- Working data
(* Let $k$ be a positive integer. (i) There is no function $f:\mathbb{N}\to\mathbb{N}$ such that $\gamma_{P,k}(G-v)\le f(\gamma_{P,k}(G))$ for every graph $G$ and every vertex $v$ of $G$. (ii) For every graph $G$ and every vertex $v$ of $G$, $\gamma_{P,k}(G-v)\ge \gamma_{P,k}(G)-1$. (iii) Moreover, if $\gamma_{P,k}(G-v)= \gamma_{P,k}(G)-1$, then $\mathrm{rad}_{P,k}(G)\le \mathrm{rad}_{P,k}(G-v)$.
   Context: All graphs are finite and simple; $G-v$ is obtained by deleting $v$ and its incident edges. $N_G[v]$ is the closed neighbourhood of $v$, and $N_G[S]$ the union of closed neighbourhoods of vertices of $S$. For $S\subseteq V(G)$, define $\mathcal{P}^{0}_{G,k}(S)=N_G[S]$ and $\mathcal{P}^{i+1}_{G,k}(S)=\bigcup\{N_G[v] : v\in \mathcal{P}^{i}_{G,k}(S),\ |N_G[v]\setminus \mathcal{P}^{i}_{G,k}(S)|\le k\}$; these increase and stabilize to $\mathcal{P}^{\infty}_{G,k}(S)$. $S$ is a $k$-power dominating set ($k$-PDS) if $\mathcal{P}^{\infty}_{G,k}(S)=V(G)$; $\gamma_{P,k}(G)$ is the minimum size of a $k$-PDS. For a $k$-PDS $S$, $\mathrm{rad}_{P,k}(G,S)=1+\min\{i:\mathcal{P}^{i}_{G,k}(S)=V(G)\}$, and $\mathrm{rad}_{P,k}(G)$ is the minimum of $\mathrm{rad}_{P,k}(G,S)$ over all $k$-PDS $S$ of $G$ with $|S|=\gamma_{P,k}(G)$. *)

theory Defs
  imports Main
begin

definition graph :: "'a set \<Rightarrow> ('a \<Rightarrow> 'a \<Rightarrow> bool) \<Rightarrow> bool" where
  "graph V E \<longleftrightarrow> finite V \<and> (\<forall>u w. E u w \<longrightarrow> u \<in> V \<and> w \<in> V)
     \<and> (\<forall>u w. E u w \<longrightarrow> E w u) \<and> (\<forall>u. \<not> E u u)"

definition del_vert :: "'a set \<Rightarrow> 'a \<Rightarrow> 'a set" where
  "del_vert V v = V - {v}"

definition del_edges :: "('a \<Rightarrow> 'a \<Rightarrow> bool) \<Rightarrow> 'a \<Rightarrow> ('a \<Rightarrow> 'a \<Rightarrow> bool)" where
  "del_edges E v = (\<lambda>u w. E u w \<and> u \<noteq> v \<and> w \<noteq> v)"

definition cnbhd :: "('a \<Rightarrow> 'a \<Rightarrow> bool) \<Rightarrow> 'a \<Rightarrow> 'a set" where
  "cnbhd E v = insert v {u. E v u}"

definition cnbhd_set :: "('a \<Rightarrow> 'a \<Rightarrow> bool) \<Rightarrow> 'a set \<Rightarrow> 'a set" where
  "cnbhd_set E S = (\<Union>v\<in>S. cnbhd E v)"

fun pdom :: "('a \<Rightarrow> 'a \<Rightarrow> bool) \<Rightarrow> nat \<Rightarrow> 'a set \<Rightarrow> nat \<Rightarrow> 'a set" where
  "pdom E k S 0 = cnbhd_set E S"
| "pdom E k S (Suc i) =
     \<Union>{cnbhd E v | v. v \<in> pdom E k S i \<and> card (cnbhd E v - pdom E k S i) \<le> k}"

definition pdom_inf :: "('a \<Rightarrow> 'a \<Rightarrow> bool) \<Rightarrow> nat \<Rightarrow> 'a set \<Rightarrow> 'a set" where
  "pdom_inf E k S = (\<Union>i. pdom E k S i)"

definition is_kPDS :: "'a set \<Rightarrow> ('a \<Rightarrow> 'a \<Rightarrow> bool) \<Rightarrow> nat \<Rightarrow> 'a set \<Rightarrow> bool" where
  "is_kPDS V E k S \<longleftrightarrow> S \<subseteq> V \<and> pdom_inf E k S = V"

definition gammaPk :: "'a set \<Rightarrow> ('a \<Rightarrow> 'a \<Rightarrow> bool) \<Rightarrow> nat \<Rightarrow> nat" where
  "gammaPk V E k = (LEAST n. \<exists>S. is_kPDS V E k S \<and> card S = n)"

definition radPk_set :: "'a set \<Rightarrow> ('a \<Rightarrow> 'a \<Rightarrow> bool) \<Rightarrow> nat \<Rightarrow> 'a set \<Rightarrow> nat" where
  "radPk_set V E k S = 1 + (LEAST i. pdom E k S i = V)"

definition radPk :: "'a set \<Rightarrow> ('a \<Rightarrow> 'a \<Rightarrow> bool) \<Rightarrow> nat \<Rightarrow> nat" where
  "radPk V E k = (LEAST r. \<exists>S. is_kPDS V E k S \<and> card S = gammaPk V E k
                              \<and> r = radPk_set V E k S)"

end

theory Submission
  imports Defs
begin

text \<open>If \<open>S\<close> is a \<open>k\<close>-PDS of \<open>G - v\<close>, then \<open>S \<union> {v}\<close> is a \<open>k\<close>-PDS of \<open>G\<close>, and stage by stage
  the propagation in \<open>G\<close> from \<open>S \<union> {v}\<close> observes everything the propagation in \<open>G - v\<close>
  from \<open>S\<close> observes: \<open>v\<close> is observed from the start, so a vertex \<open>w \<noteq> v\<close> has no more
  unobserved neighbours in \<open>G\<close> than in \<open>G - v\<close>. This gives (ii) and, when \<open>S \<union> {v}\<close> is
  minimum, (iii). For (i), the star \<open>K\<^sub>1\<^sub>,\<^sub>n\<close> has \<open>\<gamma>\<^sub>P\<^sub>,\<^sub>k = 1\<close>, while deleting its centre
  leaves \<open>n\<close> isolated vertices, each of which must belong to every \<open>k\<close>-PDS.\<close>

lemma finite_cnbhd: "graph V E \<Longrightarrow> finite (cnbhd E w)"
  unfolding graph_def cnbhd_def
  by (metis (no_types, lifting) finite_insert finite_subset mem_Collect_eq subsetI)

lemma cnbhd_subset: "graph V E \<Longrightarrow> w \<in> V \<Longrightarrow> cnbhd E w \<subseteq> V"
  unfolding graph_def cnbhd_def by auto

lemma graph_del_vert: "graph V E \<Longrightarrow> graph (del_vert V v) (del_edges E v)"
  unfolding graph_def del_vert_def del_edges_def by auto

lemma pdom_subset: "graph V E \<Longrightarrow> S \<subseteq> V \<Longrightarrow> pdom E k S i \<subseteq> V"
proof (induction i)
  case 0
  then show ?case using cnbhd_subset[of V E] by (auto simp: cnbhd_set_def)
next
  case (Suc i)
  then show ?case using cnbhd_subset[of V E] by fastforce
qed

lemma pdom_inf_subset: "graph V E \<Longrightarrow> S \<subseteq> V \<Longrightarrow> pdom_inf E k S \<subseteq> V"
  using pdom_subset unfolding pdom_inf_def by blast

lemma pdom_Suc_mono:
  assumes g: "graph V E"
  shows "pdom E k S i \<subseteq> pdom E k S (Suc i)"
proof (induction i)
  case 0
  show ?case
  proof
    fix u assume "u \<in> pdom E k S 0"
    then obtain s where s: "s \<in> S" "u \<in> cnbhd E s" by (auto simp: cnbhd_set_def)
    have "s \<in> pdom E k S 0" using s by (auto simp: cnbhd_set_def cnbhd_def)
    moreover have "cnbhd E s - pdom E k S 0 = {}" using s by (auto simp: cnbhd_set_def)
    then have "card (cnbhd E s - pdom E k S 0) \<le> k" by (metis card.empty zero_le)
    ultimately show "u \<in> pdom E k S (Suc 0)" using s(2) by (simp only: pdom.simps(2)) blast
  qed
next
  case (Suc i)
  show ?case
  proof
    fix u assume "u \<in> pdom E k S (Suc i)"
    then obtain w where w: "w \<in> pdom E k S i" "card (cnbhd E w - pdom E k S i) \<le> k"
      "u \<in> cnbhd E w" by auto
    have "card (cnbhd E w - pdom E k S (Suc i)) \<le> card (cnbhd E w - pdom E k S i)"
      using Suc finite_cnbhd[OF g] by (intro card_mono) auto
    with w Suc have "w \<in> pdom E k S (Suc i)" "card (cnbhd E w - pdom E k S (Suc i)) \<le> k"
      by auto
    with w(3) show "u \<in> pdom E k S (Suc (Suc i))" by (simp only: pdom.simps(2)) blast
  qed
qed

lemma pdom_mono: "graph V E \<Longrightarrow> i \<le> j \<Longrightarrow> pdom E k S i \<subseteq> pdom E k S j"
  using lift_Suc_mono_le[of "pdom E k S"] pdom_Suc_mono by metis

lemma subset_pdom: "graph V E \<Longrightarrow> S \<subseteq> pdom E k S i"
  using pdom_mono[of V E 0 i k S] by (auto simp: cnbhd_set_def cnbhd_def)

lemma kPDS_reaches_stage:
  assumes g: "graph V E" and S: "is_kPDS V E k S"
  shows "\<exists>i. pdom E k S i = V"
proof -
  have "\<exists>m. F \<subseteq> pdom E k S m" if "finite F" "F \<subseteq> V" for F
    using that
  proof (induction F rule: finite_induct)
    case empty
    then show ?case by auto
  next
    case (insert x F)
    then obtain m where m: "F \<subseteq> pdom E k S m" by auto
    from insert S obtain j where j: "x \<in> pdom E k S j"
      by (auto simp: is_kPDS_def pdom_inf_def)
    have "pdom E k S m \<subseteq> pdom E k S (max m j)" "pdom E k S j \<subseteq> pdom E k S (max m j)"
      using pdom_mono[OF g] by simp_all
    with m j have "insert x F \<subseteq> pdom E k S (max m j)" by blast
    then show ?case by blast
  qed
  moreover have "finite V" using g by (simp add: graph_def)
  ultimately obtain m where "V \<subseteq> pdom E k S m" by blast
  then show ?thesis using pdom_subset[OF g, of S k m] S by (auto simp: is_kPDS_def)
qed

lemma dominating_is_kPDS:
  assumes "graph V E" "S \<subseteq> V" "cnbhd_set E S = V"
  shows "is_kPDS V E k S"
  using assms pdom_inf_subset[of V E S k] unfolding is_kPDS_def pdom_inf_def
  by (metis UNIV_I UN_upper pdom.simps(1) subset_antisym)

lemma pdom_del_vert_subset:
  assumes g: "graph V E" and v: "v \<in> V" and S: "S \<subseteq> V - {v}"
  shows "pdom (del_edges E v) k S i \<subseteq> pdom E k (insert v S) i"
proof (induction i)
  case 0
  show ?case by (auto simp: cnbhd_set_def cnbhd_def del_edges_def)
next
  case (Suc i)
  let ?E' = "del_edges E v"
  have g': "graph (V - {v}) ?E'" using graph_del_vert[OF g] by (simp add: del_vert_def)
  show ?case
  proof
    fix u assume "u \<in> pdom ?E' k S (Suc i)"
    then obtain w where w: "w \<in> pdom ?E' k S i" "card (cnbhd ?E' w - pdom ?E' k S i) \<le> k"
      "u \<in> cnbhd ?E' w" by auto
    have "w \<in> V - {v}" using w(1) pdom_subset[OF g' S] by blast
    moreover have "v \<in> pdom E k (insert v S) i" using subset_pdom[OF g] by blast
    ultimately have "cnbhd E w - pdom E k (insert v S) i \<subseteq> cnbhd ?E' w - pdom ?E' k S i"
      using Suc by (auto simp: cnbhd_def del_edges_def)
    then have "card (cnbhd E w - pdom E k (insert v S) i) \<le> k"
      using w(2) finite_cnbhd[OF g'] by (meson card_mono finite_Diff le_trans)
    moreover have "w \<in> pdom E k (insert v S) i" using Suc w(1) by blast
    moreover have "u \<in> cnbhd E w" using w(3) by (auto simp: cnbhd_def del_edges_def)
    ultimately show "u \<in> pdom E k (insert v S) (Suc i)" by (simp only: pdom.simps(2)) blast
  qed
qed

lemma pdom_insert_eq_if_pdom_del_vert_eq:
  assumes g: "graph V E" and v: "v \<in> V" and S: "S \<subseteq> V - {v}"
    and stage: "pdom (del_edges E v) k S i = V - {v}"
  shows "pdom E k (insert v S) i = V"
  using pdom_del_vert_subset[OF g v S, of k i] subset_pdom[OF g, of "insert v S" k i]
    pdom_subset[OF g, of "insert v S" k i] stage v S
  by blast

- Exercise goal
From the entries above, write out only the lines starting at the line that holds "E v = insert" and ending at the line that holds "the propagation in \<open>G\<close>", keeping both and matching them exactly.

- Exercise solution
  "cnbhd E v = insert v {u. E v u}"

definition cnbhd_set :: "('a \<Rightarrow> 'a \<Rightarrow> bool) \<Rightarrow> 'a set \<Rightarrow> 'a set" where
  "cnbhd_set E S = (\<Union>v\<in>S. cnbhd E v)"

fun pdom :: "('a \<Rightarrow> 'a \<Rightarrow> bool) \<Rightarrow> nat \<Rightarrow> 'a set \<Rightarrow> nat \<Rightarrow> 'a set" where
  "pdom E k S 0 = cnbhd_set E S"
| "pdom E k S (Suc i) =
     \<Union>{cnbhd E v | v. v \<in> pdom E k S i \<and> card (cnbhd E v - pdom E k S i) \<le> k}"

definition pdom_inf :: "('a \<Rightarrow> 'a \<Rightarrow> bool) \<Rightarrow> nat \<Rightarrow> 'a set \<Rightarrow> 'a set" where
  "pdom_inf E k S = (\<Union>i. pdom E k S i)"

definition is_kPDS :: "'a set \<Rightarrow> ('a \<Rightarrow> 'a \<Rightarrow> bool) \<Rightarrow> nat \<Rightarrow> 'a set \<Rightarrow> bool" where
  "is_kPDS V E k S \<longleftrightarrow> S \<subseteq> V \<and> pdom_inf E k S = V"

definition gammaPk :: "'a set \<Rightarrow> ('a \<Rightarrow> 'a \<Rightarrow> bool) \<Rightarrow> nat \<Rightarrow> nat" where
  "gammaPk V E k = (LEAST n. \<exists>S. is_kPDS V E k S \<and> card S = n)"

definition radPk_set :: "'a set \<Rightarrow> ('a \<Rightarrow> 'a \<Rightarrow> bool) \<Rightarrow> nat \<Rightarrow> 'a set \<Rightarrow> nat" where
  "radPk_set V E k S = 1 + (LEAST i. pdom E k S i = V)"

definition radPk :: "'a set \<Rightarrow> ('a \<Rightarrow> 'a \<Rightarrow> bool) \<Rightarrow> nat \<Rightarrow> nat" where
  "radPk V E k = (LEAST r. \<exists>S. is_kPDS V E k S \<and> card S = gammaPk V E k
                              \<and> r = radPk_set V E k S)"

end

theory Submission
  imports Defs
begin

text \<open>If \<open>S\<close> is a \<open>k\<close>-PDS of \<open>G - v\<close>, then \<open>S \<union> {v}\<close> is a \<open>k\<close>-PDS of \<open>G\<close>, and stage by stage
  the propagation in \<open>G\<close> from \<open>S \<union> {v}\<close> observes everything the propagation in \<open>G - v\<close>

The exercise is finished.